A escritora narra vários momentos difíceis em sua vida, quando a depressão e a paralisia pareciam tomar sua vontade de viver. No entanto, teve ajuda dos irmãos, cujos nomes não são mencionados. Então, o leitor imagina que se trate da sequência de nascimento na família. No entanto, também pode ser entendido como a ordem na apreciação, ou no carinho da própria narradora; a qual em nenhum momento os nomeia, nem a ela nem a qualquer um da família. Conta apenas as dificuldades que todos enfrentaram durante a vida, claro que com o foco voltado para os sentimentos e envolvimento da própria narradora.
Sua escrita parece racional, ao mesmo tempo em que parece emocional. Ou somos nós, leitores, que mergulhamos no seu texto e o lemos até o final, sentindo cada dor, cada alegria, cada novo golpe de esperança ou desesperança.
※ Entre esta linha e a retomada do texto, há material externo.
(* Let $X$ be an $n$-dimensional polyhedral normed space and let $Y \subseteq X$ be a $k$-dimensional subspace, $2 \leq k \leq n-1$, which is in general position and satisfies $\lambda(Y, X)>1$. Then every Chalmers–Metcalf operator $T=\sum_{i=1}^{l}\alpha_i x_i \otimes f_i$ for $Y$ is supported on at least $n$ pairs, i.e. $l \geq n$.
   Context: A normed space $X=(\mathbb{R}^n,\|\cdot\|)$ is polyhedral if its unit ball $B_X$ is a convex polytope; write $\mathrm{ext}\, B_X=\{x_1,\dots,x_N\}$ and $\mathrm{ext}\, B_{X^*}=\{f_1,\dots,f_M\}$ for the extreme points of the unit balls of $X$ and $X^*$. Two linear subspaces $Y,Z\subseteq\mathbb{R}^n$ are in general position if $\dim \mathrm{lin}(Y\cup Z)=\min(\dim Y+\dim Z,n)$; a subspace $Y$ is in general position if it is in general position with every subspace $\mathrm{lin}\{x_i : i\in I\}$, $I\subseteq\{1,\dots,N\}$, and every subspace $\bigcap_{i\in I}\ker f_i$, $I\subseteq\{1,\dots,M\}$. A projection onto $Y$ is a linear $P:X\to Y$ with $P|_Y=\mathrm{id}_Y$; $\lambda(Y,X)$ is the infimum of the operator norms of projections and a minimal projection is one of norm $\lambda(Y,X)$. For $x\in X$, $f\in X^*$, $x\otimes f$ is the operator $z\mapsto f(z)x$. A Chalmers–Metcalf operator for $Y$ is an operator $T=\sum_{i=1}^{l}\alpha_i x_i\otimes f_i:X\to X$ with $(x_i,f_i)\in\mathrm{ext}\,B_X\times\mathrm{ext}\,B_{X^*}$, $\alpha_i>0$, $\sum_i\alpha_i=1$, $T(Y)\subseteq Y$, and $f_i(P_0(x_i))=\|P_0\|=\lambda(Y,X)$ for all $i$ and some fixed minimal projection $P_0:X\to Y$. *)

theory Defs
  imports "HOL-Analysis.Analysis"
begin

text \<open>A norm on R^n given as a function (the space X = (R^n, N)).\<close>
definition is_norm :: "(real^'n \<Rightarrow> real) \<Rightarrow> bool" where
  "is_norm N \<longleftrightarrow> (\<forall>x. N x = 0 \<longleftrightarrow> x = 0) \<and> (\<forall>c x. N (c *\<^sub>R x) = \<bar>c\<bar> * N x)
     \<and> (\<forall>x y. N (x + y) \<le> N x + N y)"

definition unit_ball :: "(real^'n \<Rightarrow> real) \<Rightarrow> (real^'n) set" where
  "unit_ball N = {x. N x \<le> 1}"

definition polyhedral_norm :: "(real^'n \<Rightarrow> real) \<Rightarrow> bool" where
  "polyhedral_norm N \<longleftrightarrow> is_norm N \<and> polytope (unit_ball N)"

text \<open>Dual unit ball: linear functionals z \<mapsto> f \<bullet> z (identified with vectors f)
  of dual norm at most 1.\<close>
definition dual_unit_ball :: "(real^'n \<Rightarrow> real) \<Rightarrow> (real^'n) set" where
  "dual_unit_ball N = {f. \<forall>x. N x \<le> 1 \<longrightarrow> f \<bullet> x \<le> 1}"

definition ext_ball :: "(real^'n \<Rightarrow> real) \<Rightarrow> (real^'n) set" where
  "ext_ball N = {x. x extreme_point_of unit_ball N}"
A verdade é que somos tomados pela narração e por toda gama de sentimentos que o próprio eu-lírico nos expressa.
Nas últimas folhas do livro, Marli Soares admite que tem sofrido de depressão e ansiedade por toda a vida, por isso demorou a se equilibrar com fortes momentos de paralisia diante dos problemas. Seu depoimento é sensível e consolador; narra como passa por dificuldades e muitas vezes pensa que não terá forças para seguir em frente, mas apenas segue. Para isso, conta sempre com o apoio e o afeto dos outros irmãos e irmãs nessa lista de oito.
E finalmente conta com o apoio da sobrinha, Keila Knobel; que pesquisa sobre edição e ilustração de livro, usa colagem e impressões feitas com folhas, flores e plantas, das quais aprende a obter tinta natural para imprimir. Faz a capa, contracapa e costura artesanalmente. Keila faz as imagens, o projeto gráfico e a edição; para o que conta com a coedição e revisão de Silvia Prevideli, com impressão e acabamento na Gráfica Águia, com uma tiragem de 300 exemplares, financiada pelo projeto Catarse, do qual participei comprando um exemplar, que está comigo agora, de cujas fotografias surgiram.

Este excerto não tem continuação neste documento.